## [TRY IT]
Only one stretch of the data is wanted: the line containing "then show False using", the line containing "assms(2,3) by blast", and every line between them, copied exactly.

## [EXERCISE INPUTS]

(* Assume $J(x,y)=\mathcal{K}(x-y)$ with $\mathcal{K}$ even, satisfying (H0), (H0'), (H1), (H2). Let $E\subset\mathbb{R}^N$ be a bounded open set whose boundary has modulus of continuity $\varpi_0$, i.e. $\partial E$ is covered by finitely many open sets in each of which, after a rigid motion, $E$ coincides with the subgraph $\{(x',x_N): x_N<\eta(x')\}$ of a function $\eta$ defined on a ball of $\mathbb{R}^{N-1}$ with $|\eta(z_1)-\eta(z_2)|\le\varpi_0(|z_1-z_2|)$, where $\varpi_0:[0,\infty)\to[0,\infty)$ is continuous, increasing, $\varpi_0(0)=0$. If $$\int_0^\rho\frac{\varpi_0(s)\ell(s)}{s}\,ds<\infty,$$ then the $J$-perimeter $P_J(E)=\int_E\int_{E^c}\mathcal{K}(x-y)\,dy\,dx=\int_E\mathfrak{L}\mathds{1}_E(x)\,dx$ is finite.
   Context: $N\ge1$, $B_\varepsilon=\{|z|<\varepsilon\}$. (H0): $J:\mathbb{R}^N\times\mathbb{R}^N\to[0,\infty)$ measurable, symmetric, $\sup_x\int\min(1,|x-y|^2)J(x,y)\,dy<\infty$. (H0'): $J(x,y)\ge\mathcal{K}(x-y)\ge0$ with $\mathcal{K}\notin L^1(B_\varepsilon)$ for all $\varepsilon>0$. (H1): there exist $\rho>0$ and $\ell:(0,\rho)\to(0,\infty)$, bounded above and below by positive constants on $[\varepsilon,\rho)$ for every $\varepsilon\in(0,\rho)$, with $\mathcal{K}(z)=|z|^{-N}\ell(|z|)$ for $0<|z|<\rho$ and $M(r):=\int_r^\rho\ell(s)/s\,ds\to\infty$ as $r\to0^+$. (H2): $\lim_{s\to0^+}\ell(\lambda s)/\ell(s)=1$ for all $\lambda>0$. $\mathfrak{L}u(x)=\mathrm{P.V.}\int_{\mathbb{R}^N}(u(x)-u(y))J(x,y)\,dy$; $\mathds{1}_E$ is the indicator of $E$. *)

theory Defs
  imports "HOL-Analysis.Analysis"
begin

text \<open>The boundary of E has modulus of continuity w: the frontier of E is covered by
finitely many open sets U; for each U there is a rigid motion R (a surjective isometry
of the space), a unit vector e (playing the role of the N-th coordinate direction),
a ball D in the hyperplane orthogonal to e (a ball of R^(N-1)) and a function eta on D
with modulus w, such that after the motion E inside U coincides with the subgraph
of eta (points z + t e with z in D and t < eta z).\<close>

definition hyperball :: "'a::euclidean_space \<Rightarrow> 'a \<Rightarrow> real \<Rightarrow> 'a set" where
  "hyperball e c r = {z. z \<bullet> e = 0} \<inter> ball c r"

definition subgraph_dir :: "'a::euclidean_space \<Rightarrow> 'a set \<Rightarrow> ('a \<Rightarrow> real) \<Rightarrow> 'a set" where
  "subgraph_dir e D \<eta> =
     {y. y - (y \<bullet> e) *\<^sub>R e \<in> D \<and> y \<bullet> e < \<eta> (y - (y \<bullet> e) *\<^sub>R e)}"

==

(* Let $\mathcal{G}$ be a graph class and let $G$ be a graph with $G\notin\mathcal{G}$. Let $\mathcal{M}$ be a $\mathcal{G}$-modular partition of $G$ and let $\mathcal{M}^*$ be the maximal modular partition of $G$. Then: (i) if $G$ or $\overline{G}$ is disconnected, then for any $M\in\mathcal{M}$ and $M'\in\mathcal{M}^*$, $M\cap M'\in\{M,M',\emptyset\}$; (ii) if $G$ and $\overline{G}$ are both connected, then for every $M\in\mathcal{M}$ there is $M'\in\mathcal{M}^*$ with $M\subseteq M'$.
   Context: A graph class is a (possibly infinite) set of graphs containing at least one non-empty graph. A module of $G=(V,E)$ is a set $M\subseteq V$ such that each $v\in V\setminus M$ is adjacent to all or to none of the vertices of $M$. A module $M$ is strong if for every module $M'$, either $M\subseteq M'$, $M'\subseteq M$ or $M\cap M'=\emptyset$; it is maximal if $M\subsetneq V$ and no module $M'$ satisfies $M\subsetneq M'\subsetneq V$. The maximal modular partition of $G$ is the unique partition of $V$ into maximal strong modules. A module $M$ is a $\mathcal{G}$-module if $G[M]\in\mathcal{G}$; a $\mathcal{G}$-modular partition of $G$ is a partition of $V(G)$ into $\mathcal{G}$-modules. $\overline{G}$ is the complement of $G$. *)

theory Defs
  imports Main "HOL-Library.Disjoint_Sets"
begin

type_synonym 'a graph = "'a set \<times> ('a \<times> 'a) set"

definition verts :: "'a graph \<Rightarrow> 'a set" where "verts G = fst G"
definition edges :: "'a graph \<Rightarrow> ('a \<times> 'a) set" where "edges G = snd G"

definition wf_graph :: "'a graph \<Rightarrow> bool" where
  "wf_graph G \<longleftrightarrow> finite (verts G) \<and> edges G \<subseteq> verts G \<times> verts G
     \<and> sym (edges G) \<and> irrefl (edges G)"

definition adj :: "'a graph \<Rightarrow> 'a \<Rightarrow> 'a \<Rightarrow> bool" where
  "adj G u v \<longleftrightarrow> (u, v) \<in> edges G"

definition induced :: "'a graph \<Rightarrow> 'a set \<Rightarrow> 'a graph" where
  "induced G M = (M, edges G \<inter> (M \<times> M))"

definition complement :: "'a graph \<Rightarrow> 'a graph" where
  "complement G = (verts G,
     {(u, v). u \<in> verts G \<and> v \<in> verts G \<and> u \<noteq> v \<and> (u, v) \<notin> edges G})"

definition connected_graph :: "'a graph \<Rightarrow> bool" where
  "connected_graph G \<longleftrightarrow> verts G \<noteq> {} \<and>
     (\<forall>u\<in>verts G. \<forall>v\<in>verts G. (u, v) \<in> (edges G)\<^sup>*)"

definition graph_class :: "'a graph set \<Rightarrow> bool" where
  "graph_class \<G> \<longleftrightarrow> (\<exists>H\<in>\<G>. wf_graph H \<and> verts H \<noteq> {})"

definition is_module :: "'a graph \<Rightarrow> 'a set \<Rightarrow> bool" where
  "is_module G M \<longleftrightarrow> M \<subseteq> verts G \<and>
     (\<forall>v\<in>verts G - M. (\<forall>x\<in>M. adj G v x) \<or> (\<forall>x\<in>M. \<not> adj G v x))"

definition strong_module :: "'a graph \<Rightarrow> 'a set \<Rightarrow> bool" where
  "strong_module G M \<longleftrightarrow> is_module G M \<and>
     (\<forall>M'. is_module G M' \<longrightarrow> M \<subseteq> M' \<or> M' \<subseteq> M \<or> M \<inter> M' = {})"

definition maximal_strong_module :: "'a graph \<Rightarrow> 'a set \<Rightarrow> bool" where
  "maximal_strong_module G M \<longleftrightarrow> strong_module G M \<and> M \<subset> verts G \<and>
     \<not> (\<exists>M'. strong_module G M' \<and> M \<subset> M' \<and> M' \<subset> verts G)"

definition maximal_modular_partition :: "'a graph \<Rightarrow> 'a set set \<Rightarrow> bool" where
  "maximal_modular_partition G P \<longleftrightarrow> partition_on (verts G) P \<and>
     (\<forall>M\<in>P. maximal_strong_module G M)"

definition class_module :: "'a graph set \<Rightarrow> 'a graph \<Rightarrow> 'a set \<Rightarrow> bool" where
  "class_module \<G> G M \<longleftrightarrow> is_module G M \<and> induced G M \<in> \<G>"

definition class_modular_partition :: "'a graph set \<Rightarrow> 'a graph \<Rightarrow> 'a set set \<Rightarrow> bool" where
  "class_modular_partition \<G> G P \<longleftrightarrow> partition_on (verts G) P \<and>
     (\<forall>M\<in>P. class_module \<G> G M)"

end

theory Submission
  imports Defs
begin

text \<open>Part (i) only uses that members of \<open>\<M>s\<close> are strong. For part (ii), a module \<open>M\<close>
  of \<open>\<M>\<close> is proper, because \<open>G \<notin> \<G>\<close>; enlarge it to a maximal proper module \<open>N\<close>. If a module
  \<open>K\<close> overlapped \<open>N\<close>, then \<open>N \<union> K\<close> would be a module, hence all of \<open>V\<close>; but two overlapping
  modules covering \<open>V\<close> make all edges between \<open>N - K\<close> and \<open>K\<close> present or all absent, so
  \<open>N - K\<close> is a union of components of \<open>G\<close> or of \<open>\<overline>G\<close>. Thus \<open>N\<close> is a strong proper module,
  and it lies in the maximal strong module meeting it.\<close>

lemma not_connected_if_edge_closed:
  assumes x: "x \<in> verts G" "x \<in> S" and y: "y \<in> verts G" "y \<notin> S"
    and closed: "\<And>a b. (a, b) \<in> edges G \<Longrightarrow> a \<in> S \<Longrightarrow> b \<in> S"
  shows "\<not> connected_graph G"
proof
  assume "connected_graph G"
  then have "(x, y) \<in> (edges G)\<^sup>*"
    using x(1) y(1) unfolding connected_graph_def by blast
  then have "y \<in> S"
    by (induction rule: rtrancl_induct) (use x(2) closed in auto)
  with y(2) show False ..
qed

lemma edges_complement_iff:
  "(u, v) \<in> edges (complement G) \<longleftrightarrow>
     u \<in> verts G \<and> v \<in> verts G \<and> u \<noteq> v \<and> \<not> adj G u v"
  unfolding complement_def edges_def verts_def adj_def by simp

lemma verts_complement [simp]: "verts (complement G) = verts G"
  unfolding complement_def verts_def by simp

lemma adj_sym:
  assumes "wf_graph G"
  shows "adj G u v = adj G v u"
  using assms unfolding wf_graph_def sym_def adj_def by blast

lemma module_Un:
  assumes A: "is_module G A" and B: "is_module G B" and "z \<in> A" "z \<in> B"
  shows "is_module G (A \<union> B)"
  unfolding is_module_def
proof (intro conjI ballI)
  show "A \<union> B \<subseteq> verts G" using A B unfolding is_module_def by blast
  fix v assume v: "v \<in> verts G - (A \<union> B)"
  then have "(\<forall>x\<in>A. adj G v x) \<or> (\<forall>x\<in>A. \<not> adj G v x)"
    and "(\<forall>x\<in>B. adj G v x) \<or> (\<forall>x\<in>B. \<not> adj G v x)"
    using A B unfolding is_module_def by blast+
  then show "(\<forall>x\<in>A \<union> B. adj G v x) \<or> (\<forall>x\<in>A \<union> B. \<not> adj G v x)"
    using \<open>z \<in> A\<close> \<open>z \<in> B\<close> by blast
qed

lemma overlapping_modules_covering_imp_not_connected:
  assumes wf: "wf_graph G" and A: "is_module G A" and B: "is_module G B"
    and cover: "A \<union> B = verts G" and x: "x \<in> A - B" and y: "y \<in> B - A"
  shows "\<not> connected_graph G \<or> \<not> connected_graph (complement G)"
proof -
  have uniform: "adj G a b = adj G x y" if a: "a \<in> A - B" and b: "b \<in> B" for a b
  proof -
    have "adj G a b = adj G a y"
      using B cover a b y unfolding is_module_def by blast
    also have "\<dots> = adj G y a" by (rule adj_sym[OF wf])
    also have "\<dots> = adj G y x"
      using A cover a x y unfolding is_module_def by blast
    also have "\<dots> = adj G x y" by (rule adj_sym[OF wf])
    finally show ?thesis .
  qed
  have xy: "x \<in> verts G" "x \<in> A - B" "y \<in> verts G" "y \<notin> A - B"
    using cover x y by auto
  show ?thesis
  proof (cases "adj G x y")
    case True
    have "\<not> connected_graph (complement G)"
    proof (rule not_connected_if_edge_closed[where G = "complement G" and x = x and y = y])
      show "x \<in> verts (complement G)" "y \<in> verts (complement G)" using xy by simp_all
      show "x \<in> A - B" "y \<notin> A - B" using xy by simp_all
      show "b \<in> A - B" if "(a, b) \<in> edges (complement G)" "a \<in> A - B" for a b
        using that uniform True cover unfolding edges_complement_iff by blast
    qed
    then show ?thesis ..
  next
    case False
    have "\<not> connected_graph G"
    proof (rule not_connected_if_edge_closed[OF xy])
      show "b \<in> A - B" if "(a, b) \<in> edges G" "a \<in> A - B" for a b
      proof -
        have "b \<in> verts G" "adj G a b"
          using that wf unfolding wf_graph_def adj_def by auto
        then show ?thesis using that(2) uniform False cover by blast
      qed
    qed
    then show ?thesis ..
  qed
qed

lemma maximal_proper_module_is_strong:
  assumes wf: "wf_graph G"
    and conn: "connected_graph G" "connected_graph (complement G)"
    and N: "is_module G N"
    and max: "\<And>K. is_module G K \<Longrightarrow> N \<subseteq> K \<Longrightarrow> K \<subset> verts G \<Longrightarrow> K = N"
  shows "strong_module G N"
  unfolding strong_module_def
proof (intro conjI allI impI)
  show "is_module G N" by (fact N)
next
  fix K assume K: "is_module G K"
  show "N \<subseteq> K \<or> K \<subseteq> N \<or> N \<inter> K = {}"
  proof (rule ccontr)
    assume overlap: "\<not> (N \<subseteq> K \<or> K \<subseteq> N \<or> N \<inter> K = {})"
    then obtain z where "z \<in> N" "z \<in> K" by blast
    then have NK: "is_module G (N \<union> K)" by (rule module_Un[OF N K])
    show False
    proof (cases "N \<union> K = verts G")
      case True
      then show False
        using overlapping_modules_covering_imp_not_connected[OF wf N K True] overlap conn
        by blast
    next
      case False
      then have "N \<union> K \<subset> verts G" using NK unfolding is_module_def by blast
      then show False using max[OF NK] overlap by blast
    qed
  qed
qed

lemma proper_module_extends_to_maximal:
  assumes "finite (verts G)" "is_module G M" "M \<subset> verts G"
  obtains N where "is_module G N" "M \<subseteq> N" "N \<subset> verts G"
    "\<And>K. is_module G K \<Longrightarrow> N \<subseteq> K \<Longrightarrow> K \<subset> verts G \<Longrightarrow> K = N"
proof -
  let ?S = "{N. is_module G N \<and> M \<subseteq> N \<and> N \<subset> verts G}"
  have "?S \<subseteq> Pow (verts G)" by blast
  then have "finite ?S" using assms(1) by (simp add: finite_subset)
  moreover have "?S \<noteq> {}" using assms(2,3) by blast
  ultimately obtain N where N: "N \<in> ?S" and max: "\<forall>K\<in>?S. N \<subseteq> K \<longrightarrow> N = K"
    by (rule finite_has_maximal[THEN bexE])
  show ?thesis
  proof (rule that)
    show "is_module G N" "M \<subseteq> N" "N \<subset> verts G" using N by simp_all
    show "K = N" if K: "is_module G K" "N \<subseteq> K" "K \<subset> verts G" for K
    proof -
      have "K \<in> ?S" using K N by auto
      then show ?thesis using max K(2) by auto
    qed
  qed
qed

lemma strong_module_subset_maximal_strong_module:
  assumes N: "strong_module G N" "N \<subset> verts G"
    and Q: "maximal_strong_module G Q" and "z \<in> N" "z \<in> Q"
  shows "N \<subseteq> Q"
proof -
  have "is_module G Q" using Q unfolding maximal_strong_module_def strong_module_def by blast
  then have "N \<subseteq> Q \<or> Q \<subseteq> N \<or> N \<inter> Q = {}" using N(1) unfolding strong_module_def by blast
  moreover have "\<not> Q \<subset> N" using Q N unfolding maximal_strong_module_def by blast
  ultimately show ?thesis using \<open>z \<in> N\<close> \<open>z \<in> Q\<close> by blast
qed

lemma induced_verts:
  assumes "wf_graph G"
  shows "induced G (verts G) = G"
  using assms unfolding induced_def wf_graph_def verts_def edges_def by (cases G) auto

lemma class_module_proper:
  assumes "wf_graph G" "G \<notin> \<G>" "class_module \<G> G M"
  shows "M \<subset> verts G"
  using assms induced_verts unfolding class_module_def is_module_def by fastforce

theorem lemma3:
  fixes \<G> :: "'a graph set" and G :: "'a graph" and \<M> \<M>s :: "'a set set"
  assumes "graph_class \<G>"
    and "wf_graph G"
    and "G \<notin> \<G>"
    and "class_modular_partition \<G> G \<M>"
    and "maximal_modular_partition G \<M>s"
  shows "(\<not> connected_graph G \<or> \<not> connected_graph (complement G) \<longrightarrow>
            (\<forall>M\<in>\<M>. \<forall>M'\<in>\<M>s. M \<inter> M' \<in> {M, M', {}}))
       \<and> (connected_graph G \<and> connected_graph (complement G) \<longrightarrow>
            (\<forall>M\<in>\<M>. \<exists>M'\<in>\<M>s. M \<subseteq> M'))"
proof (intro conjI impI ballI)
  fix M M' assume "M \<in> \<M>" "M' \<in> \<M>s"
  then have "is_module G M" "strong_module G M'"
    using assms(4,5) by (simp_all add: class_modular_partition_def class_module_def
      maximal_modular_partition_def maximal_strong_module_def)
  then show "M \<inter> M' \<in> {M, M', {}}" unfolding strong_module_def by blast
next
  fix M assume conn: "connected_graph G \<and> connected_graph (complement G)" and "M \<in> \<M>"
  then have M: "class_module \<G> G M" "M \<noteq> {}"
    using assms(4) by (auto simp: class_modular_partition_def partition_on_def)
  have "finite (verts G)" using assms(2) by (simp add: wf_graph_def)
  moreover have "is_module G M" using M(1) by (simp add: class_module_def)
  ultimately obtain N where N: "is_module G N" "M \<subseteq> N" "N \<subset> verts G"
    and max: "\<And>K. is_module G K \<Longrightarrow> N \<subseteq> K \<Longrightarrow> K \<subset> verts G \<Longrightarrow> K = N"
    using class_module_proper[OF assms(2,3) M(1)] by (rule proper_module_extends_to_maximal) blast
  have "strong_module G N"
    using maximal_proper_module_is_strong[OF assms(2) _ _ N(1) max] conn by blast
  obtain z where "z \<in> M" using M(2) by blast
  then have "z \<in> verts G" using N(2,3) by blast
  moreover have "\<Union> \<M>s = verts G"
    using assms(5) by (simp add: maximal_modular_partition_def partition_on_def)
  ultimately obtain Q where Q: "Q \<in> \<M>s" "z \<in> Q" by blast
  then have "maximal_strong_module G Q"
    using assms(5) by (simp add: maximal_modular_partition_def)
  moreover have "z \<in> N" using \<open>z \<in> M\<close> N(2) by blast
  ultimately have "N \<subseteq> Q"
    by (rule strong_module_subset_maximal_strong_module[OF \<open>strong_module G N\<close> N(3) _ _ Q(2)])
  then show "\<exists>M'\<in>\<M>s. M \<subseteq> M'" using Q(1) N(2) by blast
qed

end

---

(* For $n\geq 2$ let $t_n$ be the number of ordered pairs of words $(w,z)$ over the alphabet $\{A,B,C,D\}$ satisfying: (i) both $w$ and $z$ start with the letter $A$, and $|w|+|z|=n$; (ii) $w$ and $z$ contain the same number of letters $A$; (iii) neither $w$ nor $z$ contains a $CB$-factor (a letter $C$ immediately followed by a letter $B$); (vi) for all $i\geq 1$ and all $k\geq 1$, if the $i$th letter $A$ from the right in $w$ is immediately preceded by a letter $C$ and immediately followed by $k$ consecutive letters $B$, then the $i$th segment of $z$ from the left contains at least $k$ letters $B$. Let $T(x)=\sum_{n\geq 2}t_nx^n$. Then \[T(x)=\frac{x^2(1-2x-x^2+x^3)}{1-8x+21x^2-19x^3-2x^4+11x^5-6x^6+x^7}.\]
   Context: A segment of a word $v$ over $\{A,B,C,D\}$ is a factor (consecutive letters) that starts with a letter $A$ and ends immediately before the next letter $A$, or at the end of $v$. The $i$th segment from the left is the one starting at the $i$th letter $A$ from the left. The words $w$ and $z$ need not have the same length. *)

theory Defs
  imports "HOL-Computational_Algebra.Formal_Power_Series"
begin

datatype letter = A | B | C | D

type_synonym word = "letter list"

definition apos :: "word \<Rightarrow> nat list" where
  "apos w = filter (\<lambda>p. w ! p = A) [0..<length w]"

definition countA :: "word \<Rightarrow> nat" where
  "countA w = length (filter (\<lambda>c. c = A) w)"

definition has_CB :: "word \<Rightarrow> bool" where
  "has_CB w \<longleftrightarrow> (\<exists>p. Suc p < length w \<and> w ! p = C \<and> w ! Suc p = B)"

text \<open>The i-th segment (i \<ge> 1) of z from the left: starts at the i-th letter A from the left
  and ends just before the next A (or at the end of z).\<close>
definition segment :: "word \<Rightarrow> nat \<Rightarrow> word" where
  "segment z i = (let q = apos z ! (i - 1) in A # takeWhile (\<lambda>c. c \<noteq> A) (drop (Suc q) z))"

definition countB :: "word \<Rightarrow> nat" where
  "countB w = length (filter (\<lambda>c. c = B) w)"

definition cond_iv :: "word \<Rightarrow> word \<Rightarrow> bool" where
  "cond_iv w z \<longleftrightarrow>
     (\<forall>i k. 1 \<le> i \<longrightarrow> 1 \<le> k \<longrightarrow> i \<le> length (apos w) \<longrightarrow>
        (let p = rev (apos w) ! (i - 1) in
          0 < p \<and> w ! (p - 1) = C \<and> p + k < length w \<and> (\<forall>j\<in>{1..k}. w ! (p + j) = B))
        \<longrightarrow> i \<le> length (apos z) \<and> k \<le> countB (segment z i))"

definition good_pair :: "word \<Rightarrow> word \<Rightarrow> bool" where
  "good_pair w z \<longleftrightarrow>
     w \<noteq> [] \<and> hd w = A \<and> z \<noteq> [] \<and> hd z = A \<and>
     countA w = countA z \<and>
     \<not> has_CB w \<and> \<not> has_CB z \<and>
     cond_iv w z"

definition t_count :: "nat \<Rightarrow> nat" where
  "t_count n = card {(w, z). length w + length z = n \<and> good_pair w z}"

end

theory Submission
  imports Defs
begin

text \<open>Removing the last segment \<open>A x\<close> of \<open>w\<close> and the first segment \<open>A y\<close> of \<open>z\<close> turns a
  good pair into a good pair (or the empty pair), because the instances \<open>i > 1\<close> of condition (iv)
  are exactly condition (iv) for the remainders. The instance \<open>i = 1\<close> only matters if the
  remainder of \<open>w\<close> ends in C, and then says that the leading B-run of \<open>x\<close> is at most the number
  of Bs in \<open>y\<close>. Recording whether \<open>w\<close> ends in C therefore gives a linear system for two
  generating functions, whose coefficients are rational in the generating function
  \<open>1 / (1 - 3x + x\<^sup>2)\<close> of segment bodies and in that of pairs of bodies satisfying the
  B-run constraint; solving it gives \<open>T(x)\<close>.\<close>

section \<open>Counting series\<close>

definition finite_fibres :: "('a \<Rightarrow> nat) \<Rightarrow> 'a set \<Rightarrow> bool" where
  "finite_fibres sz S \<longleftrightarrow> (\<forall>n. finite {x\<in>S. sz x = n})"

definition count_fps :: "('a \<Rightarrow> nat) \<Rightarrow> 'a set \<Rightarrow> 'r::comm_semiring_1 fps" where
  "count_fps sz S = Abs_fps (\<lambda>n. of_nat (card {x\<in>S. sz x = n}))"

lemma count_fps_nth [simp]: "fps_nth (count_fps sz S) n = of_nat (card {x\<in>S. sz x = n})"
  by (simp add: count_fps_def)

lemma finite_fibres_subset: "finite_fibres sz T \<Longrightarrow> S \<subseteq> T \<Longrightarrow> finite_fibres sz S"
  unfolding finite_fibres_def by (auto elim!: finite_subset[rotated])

## [REPLY]
      then show False using max[OF NK] overlap by blast
    qed
  qed
qed

lemma proper_module_extends_to_maximal:
  assumes "finite (verts G)" "is_module G M" "M \<subset> verts G"
  obtains N where "is_module G N" "M \<subseteq> N" "N \<subset> verts G"
    "\<And>K. is_module G K \<Longrightarrow> N \<subseteq> K \<Longrightarrow> K \<subset> verts G \<Longrightarrow> K = N"
proof -
  let ?S = "{N. is_module G N \<and> M \<subseteq> N \<and> N \<subset> verts G}"
  have "?S \<subseteq> Pow (verts G)" by blast
  then have "finite ?S" using assms(1) by (simp add: finite_subset)
  moreover have "?S \<noteq> {}" using assms(2,3) by blast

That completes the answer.